If you want to walk inside this mausoleum-turned-cathedral and understand what it was, our history of Diocletian's Palace covers the full story of how the building changed function across 1,700 years.

The Palace at Split

In the late 290s AD, Diocletian began building a palace on the Adriatic coast, near his birthplace at Salona. Construction took approximately ten years. It was completed around 305 AD.

The site was carefully chosen: close to home, defensible (located on a small peninsula), and pleasant — protected from the worst weather by surrounding hills, facing south to the sea.
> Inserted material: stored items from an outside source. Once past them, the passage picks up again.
(* Let $\mathbf{P}$ be the convex hull of $\{\chi_\mu : \mu \text{ is a non-uniformly stable matching in } G\}$ and let $\mathbf{S}$ be the set of vectors $x\in\mathbb{R}_+^E$ satisfying (1) $x(E(v))\le 1$ for all $v\in V$; (2) $x(e)+\sum_{v\in e}x(E[\succ_v e])\ge 1$ for all $e\in E_1$; (3) $x(E[\sim_v e])+\sum_{w\in e}x(E[\succ_w e])\ge 1$ for all $e\in E_2$ and all $v\in e$. Then $\mathbf{P}=\mathbf{S}$.
   Context: Setting: $G=(V,E)$ is a finite simple bipartite graph with $V=V_1\sqcup V_2$, every edge joining a vertex of $V_1$ to a vertex of $V_2$; an edge is identified with the set of its two endpoints. $E$ is partitioned into $E_1,E_2$ ($E_1\cap E_2=\emptyset$, $E_1\cup E_2=E$). For $F\subseteq E$ and $v\in V$, $F(v)$ is the set of edges of $F$ incident to $v$. For every $v\in V$ there is a transitive and complete binary relation $\succsim_v$ on $E(v)\cup\{\emptyset\}$ with $e\succsim_v\emptyset$ and $\emptyset\not\succsim_v e$ for all $e\in E(v)$; $e\succ_v f$ means $e\succsim_v f$ and $f\not\succsim_v e$; $e\sim_v f$ means both $e\succsim_v f$ and $f\succsim_v e$. A matching is $\mu\subseteq E$ with $|\mu(v)|\le1$ for all $v$; $\mu(v)$ denotes the unique edge of $\mu$ at $v$, or $\emptyset$ if none. An edge $e\in E\setminus\mu$ weakly blocks $\mu$ if $e\succsim_v\mu(v)$ for every $v\in e$; it strongly blocks $\mu$ if additionally $e\succ_w\mu(w)$ for some $w\in e$. A matching $\mu$ is non-uniformly stable if no edge of $E_1\setminus\mu$ weakly blocks $\mu$ and no edge of $E_2\setminus\mu$ strongly blocks $\mu$. For $x\in\mathbb{R}_+^E$ and $F\subseteq E$, $x(F)=\sum_{e\in F}x(e)$; $\chi_F\in\{0,1\}^E$ is the characteristic vector of $F$. For $v\in V$ and $e\in E(v)$: $E[\succ_v e]=\{f\in E(v): f\succ_v e\}$ and $E[\sim_v e]=\{f\in E(v): f\sim_v e\}$. *)

theory Defs
  imports "HOL-Analysis.Analysis"
begin

(* Edges are 2-element vertex sets ('v set); the "empty edge" \<emptyset> is the empty set {}.
   Preferences: pref v e f means  e \<succeq>_v f. *)

definition inc :: "'v set set \<Rightarrow> 'v \<Rightarrow> 'v set set" where
  "inc F v = {e \<in> F. v \<in> e}"

definition strict_pref :: "('v \<Rightarrow> 'v set \<Rightarrow> 'v set \<Rightarrow> bool) \<Rightarrow> 'v \<Rightarrow> 'v set \<Rightarrow> 'v set \<Rightarrow> bool" where
  "strict_pref pref v e f \<longleftrightarrow> pref v e f \<and> \<not> pref v f e"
The palace was not a single building but a fortified complex covering approximately 3 hectares (30,000 square metres). It was designed as both an imperial residence and a military garrison, with high walls (up to 26 metres on the northern side), four gates oriented to the cardinal directions, and an internal layout based on a Roman military camp (castrum).

The southern half of the complex contained Diocletian's private apartments, opening onto a colonnaded gallery overlooking the Adriatic. The northern half contained quarters for soldiers, servants, and administration. Two main streets (the Cardo and Decumanus) crossed at the centre, dividing the complex into four quadrants.

At the heart of the southern half stood the Peristyle — a colonnaded ceremonial courtyard. On its western side was the Temple of Jupiter (later converted into a baptistery). On its eastern side was the octagonal mausoleum intended for Diocletian's burial. Through an archway to the south was the Vestibule — a circular domed anteroom leading into the imperial apartments.

The building stone came mostly from the island of Brač — the same white limestone that would later be used in countless monuments across the Mediterranean and (according to one popular but disputed claim) in the construction of the White House in Washington DC. Granite columns were imported from Egypt. Marble came from Greece.

Diocletian's Palace remains one of the best-preserved Roman imperial residences in the world — partly because, after Diocletian's death, the palace was never abandoned. Refugees from nearby Salona moved inside its walls in the 7th century, and the palace has been continuously inhabited ever since. Today, around 3,000 people live within its walls. For the full story of the building across 1,700 years, see our complete history of Diocletian's Palace.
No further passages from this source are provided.